Component Monthly Cost % of Total
LLM Inference (Bedrock) $15,000 - $40,000 40-50%
SageMaker Endpoints (classifiers, rerankers) $5,000 - $12,000 15-20%
DynamoDB + DAX $3,000 - $6,000 8-10%
OpenSearch Serverless $2,500 - $5,000 7-8%
ElastiCache Redis $1,500 - $3,000 4-5%
Compute (Fargate + Lambda) $2,000 - $5,000 6-8%
Observability (CloudWatch, MLflow infra) $1,000 - $3,000 3-5%
Other (S3, Kinesis, CDN, etc.) $1,000 - $3,000 3-5%
Total $31,000 - $77,000 100%

Cost optimizations that I drove (see 04-innovation-and-tradeoffs.md): - Inferentia migration for classifiers: -$8,400/month - Semantic caching of LLM responses: -$12,000/month - vLLM for self-hosted models: -$15,000/month (50% GPU reduction) - Intelligent routing (Haiku vs Sonnet): -$18,000/month - Prompt compression and optimization: -$6,000/month - Total monthly savings: ~$59,400/month (~$713K/year)

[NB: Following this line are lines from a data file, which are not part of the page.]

lemma eq_if_same_recurrence_6_2:
  fixes f g :: "nat \<Rightarrow> 'a :: plus"
  assumes "\<And>n. f (n + 6) = f (n + 2) + f n" "\<And>n. g (n + 6) = g (n + 2) + g n"
    and "\<And>n. n < 6 \<Longrightarrow> f n = g n"
  shows "f n = g n"
proof (induction n rule: less_induct)
  case (less n)
  show ?case
  proof (cases "n < 6")
    case False
    then obtain m where "n = m + 6"
      using le_add_diff_inverse2 by (metis not_less)
    then show ?thesis
      using less assms(1,2) by simp
  qed (rule assms(3))
qed

lemma sum_card_palindromes23:
  "card (palindromes23 (n + 3)) + card (palindromes23 (n + 1)) + card (palindromes23 n) = 2 * r (n + 3)"
proof -
  define P where "P n = card (palindromes23 n)" for n
  have P_add6: "P (n + 6) = P (n + 2) + P n" for n
    by (simp add: P_def card_palindromes23_add6)
  have "P (n + 3) + P (n + 1) + P n = 2 * r (n + 3)"
  proof (rule eq_if_same_recurrence_6_2[where f = "\<lambda>n. P (n + 3) + P (n + 1) + P n"])
    show "P (n + 6 + 3) + P (n + 6 + 1) + P (n + 6)
        = (P (n + 2 + 3) + P (n + 2 + 1) + P (n + 2)) + (P (n + 3) + P (n + 1) + P n)" for n
      using P_add6[of "n + 3"] P_add6[of "n + 1"] P_add6[of n] by (simp add: add.assoc)
    show "2 * r (n + 6 + 3) = 2 * r (n + 2 + 3) + 2 * r (n + 3)" for n
      using r_add6[of "n + 3"] by (simp add: add.assoc)
    have P_small: "P 0 = 1" "P 1 = 0" "P 2 = 1" "P 3 = 1" "P 4 = 1" "P 5 = 0"
      by (simp_all add: P_def palindromes23_small)
    have P_6_8: "P 6 = 2" "P 7 = 1" "P 8 = 2"
      using P_add6[of 0] P_add6[of 1] P_add6[of 2] P_small by (simp_all add: eval_nat_numeral)
    show "P (n + 3) + P (n + 1) + P n = 2 * r (n + 3)" if "n < 6" for n
    proof -
      from that have "n \<in> {0, 1, 2, 3, 4, 5}"
        by auto
      with P_small P_6_8 r_small show ?thesis
        by (auto simp: eval_nat_numeral)
    qed
  qed
  then show ?thesis
    by (simp add: P_def)
qed

lemma card_palindromes23_add_card_rotate1_palindromes23:
  assumes "1 \<le> n"
  shows "card (palindromes23 n) + card (rotate1_palindromes23 n) = 2 * r n"
proof -
  consider "n = 1" | "n = 2" | m where "n = m + 3"
  proof -
    have "n = 1 \<or> n = 2 \<or> n = (n - 3) + 3"
      using assms by linarith
    then show thesis
      using that by blast
  qed
  then show ?thesis
  proof cases
    case 3
    then show ?thesis
      using card_rotate1_palindromes23_add3[of m] sum_card_palindromes23[of m] by simp
  qed (simp_all add: palindromes23_small rotate1_palindromes23_small r_small)
qed

theorem proposition3p3:
  fixes n :: nat
  assumes "n \<ge> 1"
  shows "r n = num_cyc_pal_comps23 n"
  using two_mul_num_cyc_pal_comps23[OF assms] card_palindromes23_add_card_rotate1_palindromes23[OF assms]
  by simp

end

Technology Decision Framework

For every component, I applied this evaluation matrix:

Criteria Weight How Measured
Performance 30% Benchmark latency (P50, P95, P99), throughput (req/sec)
Cost 25% $/request, $/month at projected scale
Operational Burden 20% Setup time, monitoring needs, on-call complexity
AWS Integration 15% Native service integration, IAM support, VPC compatibility
Community & Longevity 10% GitHub stars, contributor count, corporate backing, release cadence

This framework is detailed further in 04-innovation-and-tradeoffs.md.